INPUT section start

(* Let $a\neq 0$ be a constant. Then there exists an analytic germ $u=u(t)$ at $t=0$ with $u(0)=a$ satisfying the differential equation $$t\,\Big(\frac{du}{dt}\Big)^2+u\,\frac{du}{dt}-\frac12=0 .$$ For any such $u$, define $$f(x,y)=\frac{x^3}{6}+y+x\,u(xy),\qquad g(x,y)=\frac{x^3}{6}+y-x\,u(xy),$$ and let $W_u$ be the planar 4-web whose foliations are the level sets of $x$, $y$, $f$, $g$. Then: (i) the cross-ratio of the four tangent lines to the foliations of $W_u$ is equal to $-1$ at every point (i.e. $\frac{\partial f}{\partial x}\frac{\partial g}{\partial y}+\frac{\partial g}{\partial x}\frac{\partial f}{\partial y}=0$); (ii) no 3-subweb of $W_u$ is hexagonal (the 3-subweb $(x,y,f)$ has nonzero Blaschke curvature at the origin); (iii) $W_u$ has the nontrivial abelian relation $\frac{x^3}{3}+2y-f-g\equiv 0$. Consequently $W_u$ is a Nakai web of rank exactly $1$. *)

theory Defs
  imports "HOL-Analysis.Analysis"
begin

definition real_analytic_at :: "(real \<Rightarrow> real) \<Rightarrow> real \<Rightarrow> bool" where
  "real_analytic_at u t0 \<longleftrightarrow>
     (\<exists>r>0. \<exists>c::nat \<Rightarrow> real. \<forall>t. \<bar>t - t0\<bar> < r \<longrightarrow> (\<lambda>n. c n * (t - t0) ^ n) sums u t)"

definition Dx :: "(real \<times> real \<Rightarrow> real) \<Rightarrow> real \<times> real \<Rightarrow> real" where
  "Dx F p = deriv (\<lambda>s. F (s, snd p)) (fst p)"

definition Dy :: "(real \<times> real \<Rightarrow> real) \<Rightarrow> real \<times> real \<Rightarrow> real" where
  "Dy F p = deriv (\<lambda>s. F (fst p, s)) (snd p)"

definition web_f :: "(real \<Rightarrow> real) \<Rightarrow> real \<times> real \<Rightarrow> real" where
  "web_f u p = (fst p) ^ 3 / 6 + snd p + fst p * u (fst p * snd p)"

definition web_g :: "(real \<Rightarrow> real) \<Rightarrow> real \<times> real \<Rightarrow> real" where
  "web_g u p = (fst p) ^ 3 / 6 + snd p - fst p * u (fst p * snd p)"

text \<open>With \<open>du_i = a_i dx + b_i dy\<close> and \<open>[jk] = a_j b_k - a_k b_j\<close>, the normalized
  forms \<open>\<omega>_i = [jk] du_i\<close> satisfy \<open>\<omega>_1 + \<omega>_2 + \<omega>_3 = 0\<close>; the connection form \<open>\<gamma>\<close> with
  \<open>d\<omega>_i = \<gamma> \<and> \<omega>_i\<close> is \<open>\<gamma> = d log [23] + \<alpha> du_1\<close> where \<open>\<alpha> = (\<theta> \<and> du_2)/(du_1 \<and> du_2)\<close>,
  \<open>\<theta> = d log([31]/[23])\<close>; the curvature is \<open>d\<gamma> = d\<alpha> \<and> du_1\<close>, given here by its coefficient
  with respect to \<open>dx \<and> dy\<close>.  For the web \<open>(x, y, h)\<close> it equals
  \<open>\<partial>\<^sub>x\<partial>\<^sub>y log(h_x/h_y)\<close>.\<close>
definition bracket :: "(real \<times> real \<Rightarrow> real) \<Rightarrow> (real \<times> real \<Rightarrow> real) \<Rightarrow> real \<times> real \<Rightarrow> real" where
  "bracket v w p = Dx v p * Dy w p - Dx w p * Dy v p"

definition blaschke_alpha ::
  "(real \<times> real \<Rightarrow> real) \<Rightarrow> (real \<times> real \<Rightarrow> real) \<Rightarrow> (real \<times> real \<Rightarrow> real) \<Rightarrow> real \<times> real \<Rightarrow> real" where
  "blaschke_alpha u1 u2 u3 p =
     (let R = (\<lambda>q. bracket u3 u1 q / bracket u2 u3 q);
          \<theta>x = Dx R p / R p; \<theta>y = Dy R p / R p
      in (\<theta>x * Dy u2 p - \<theta>y * Dx u2 p) / bracket u1 u2 p)"

definition blaschke_curvature ::
  "(real \<times> real \<Rightarrow> real) \<Rightarrow> (real \<times> real \<Rightarrow> real) \<Rightarrow> (real \<times> real \<Rightarrow> real) \<Rightarrow> real \<times> real \<Rightarrow> real" where
  "blaschke_curvature u1 u2 u3 p =
     Dx (blaschke_alpha u1 u2 u3) p * Dy u1 p - Dy (blaschke_alpha u1 u2 u3) p * Dx u1 p"
lemma compatible_escort_weight:
  shows "0 < (\<integral>\<^sup>+ x. ennreal (escort_weight x) \<partial>M)"
    and "(\<integral>\<^sup>+ x. ennreal (escort_weight x) \<partial>M) < \<infinity>"
    and "b \<in> Basis \<Longrightarrow> integrable M (\<lambda>x. escort_weight x * (T x \<bullet> b))"
proof -
  have "compatible lam M T (qdens lam M T \<theta>s) \<theta>s"
    using B \<theta>s_dom unfolding assumption_B_def family_compatible_def by blast
  then show "0 < (\<integral>\<^sup>+ x. ennreal (escort_weight x) \<partial>M)"
    and "(\<integral>\<^sup>+ x. ennreal (escort_weight x) \<partial>M) < \<infinity>"
    and "b \<in> Basis \<Longrightarrow> integrable M (\<lambda>x. escort_weight x * (T x \<bullet> b))"
    unfolding compatible_def Let_def restr_qdens_supp[OF phi_not_minf] escort_weight_def
    by auto
qed

lemma integrable_escort_weight: "integrable M escort_weight"
  using compatible_escort_weight(2)
  by (intro integrableI_nn_integral_finite[where x=escort_mass])
     (auto simp: escort_mass_eq_nn_integral escort_weight_nonneg ennreal_enn2real less_top)

lemma escort_mass_pos: "escort_mass > 0"
  using compatible_escort_weight(1,2)
  by (simp add: escort_mass_eq_nn_integral enn2real_positive_iff less_top)

lemma escort_eq_escort_weight: "escort (1 - lam) M (qdens lam M T \<theta>s) = (\<lambda>x. escort_weight x / escort_mass)"
  unfolding escort_def escort_weight_def[symmetric] escort_mass_eq_nn_integral ..

lemma integral_escort_weight_inner:
  shows integrable_escort_weight_inner: "integrable M (\<lambda>x. escort_weight x * (v \<bullet> T x))"
    and "(\<integral>x. escort_weight x * (v \<bullet> T x) \<partial>M) = escort_mass * (v \<bullet> Tb)"
  using integral_inner_of_expect[OF compatible_escort_weight(3), of escort_mass Tb]
    moment escort_mass_pos
  by (simp_all add: escort_eq_escort_weight)
section \<open>The planar system for \<open>\<tau>\<close> and \<open>\<mu>\<close>\<close>

locale tau_mu_system =
  fixes h :: real and \<tau> \<mu> :: "real \<Rightarrow> real"
  assumes h_nonzero: "h \<noteq> 0"
    and tau_deriv: "\<And>s. (\<tau> has_real_derivative 1 + K h (\<tau> s) (\<mu> s) * \<mu> s) (at s)"
    and mu_deriv: "\<And>s. (\<mu> has_real_derivative - (K h (\<tau> s) (\<mu> s) * \<tau> s)) (at s)"
begin

definition rho :: "real \<Rightarrow> real" where
  "rho s = (\<tau> s)^2 + (\<mu> s)^2"

lemma rho_nonneg: "0 \<le> rho s"
  unfolding rho_def by simp

lemma rho_deriv: "(rho has_real_derivative 2 * \<tau> s) (at s)"
proof -
  have "(rho has_real_derivative
      2 * \<tau> s * (1 + K h (\<tau> s) (\<mu> s) * \<mu> s) + 2 * \<mu> s * - (K h (\<tau> s) (\<mu> s) * \<tau> s)) (at s)"
    unfolding rho_def[abs_def] by (auto intro!: derivative_eq_intros tau_deriv mu_deriv)
  then show ?thesis by (simp add: algebra_simps)
qed

text \<open>Since \<open>\<rho>' = 2 \<tau> \<le> 2 \<surd>\<rho>\<close>, \<open>\<rho>\<close> cannot cross the parabola \<open>(2 (B + s))\<^sup>2\<close> from below.\<close>

lemma linear_growth:
  obtains B where "0 < B" "\<And>s. 0 \<le> s \<Longrightarrow> \<bar>\<tau> s\<bar> \<le> 2 * (B + s) \<and> \<bar>\<mu> s\<bar> \<le> 2 * (B + s)"
proof
  define B where "B = sqrt (rho 0) + 1"
  show "0 < B" using real_sqrt_ge_zero[OF rho_nonneg[of 0]] unfolding B_def by linarith
  have rho_below: "rho s < (2 * (B + s))^2" if "0 \<le> s" for s
  proof -
    have "rho s - (2 * (B + s))^2 < 0"
    proof (rule DERIV_neg_at_zeros_imp_neg[OF _ _ _ that])
      show "((\<lambda>s. rho s - (2 * (B + s))^2) has_real_derivative 2 * \<tau> t - 8 * (B + t)) (at t)" for t
        by (auto intro!: derivative_eq_intros rho_deriv simp: algebra_simps)
      have "B^2 = rho 0 + 2 * sqrt (rho 0) + 1"
        unfolding B_def using rho_nonneg[of 0] by (simp add: power2_sum)
      moreover have "B^2 \<le> (2 * (B + 0))^2"
        using \<open>0 < B\<close> by (simp add: power_mono)
      ultimately show "rho 0 - (2 * (B + 0))^2 < 0"
        using real_sqrt_ge_zero[OF rho_nonneg[of 0]] by linarith
      show "2 * \<tau> t - 8 * (B + t) < 0" if "0 \<le> t" "rho t - (2 * (B + t))^2 = 0" for t
      proof -
        have "(\<tau> t)^2 \<le> (2 * (B + t))^2"
          using that zero_le_power2[of "\<mu> t"] unfolding rho_def by linarith
        then have "\<tau> t \<le> 2 * (B + t)"
          using \<open>0 < B\<close> that by (simp add: abs_le_square_iff[symmetric])
        then show ?thesis using \<open>0 < B\<close> that by simp
      qed
    qed
    then show ?thesis by simp
  qed
  show "\<bar>\<tau> s\<bar> \<le> 2 * (B + s) \<and> \<bar>\<mu> s\<bar> \<le> 2 * (B + s)" if "0 \<le> s" for s
  proof -
    have "(\<tau> s)^2 \<le> (2 * (B + s))^2" "(\<mu> s)^2 \<le> (2 * (B + s))^2"
      using rho_below[OF that] zero_le_power2[of "\<tau> s"] zero_le_power2[of "\<mu> s"]
      unfolding rho_def by linarith+
    then show ?thesis
      using that \<open>0 < B\<close> by (simp add: abs_le_square_iff[symmetric])
  qed
qed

INPUT section end

» TASK DETAILS
Across the entries, each line containing the word "text" is to be counted once; the total alone is to be given.

» YOUR RESPONSE
2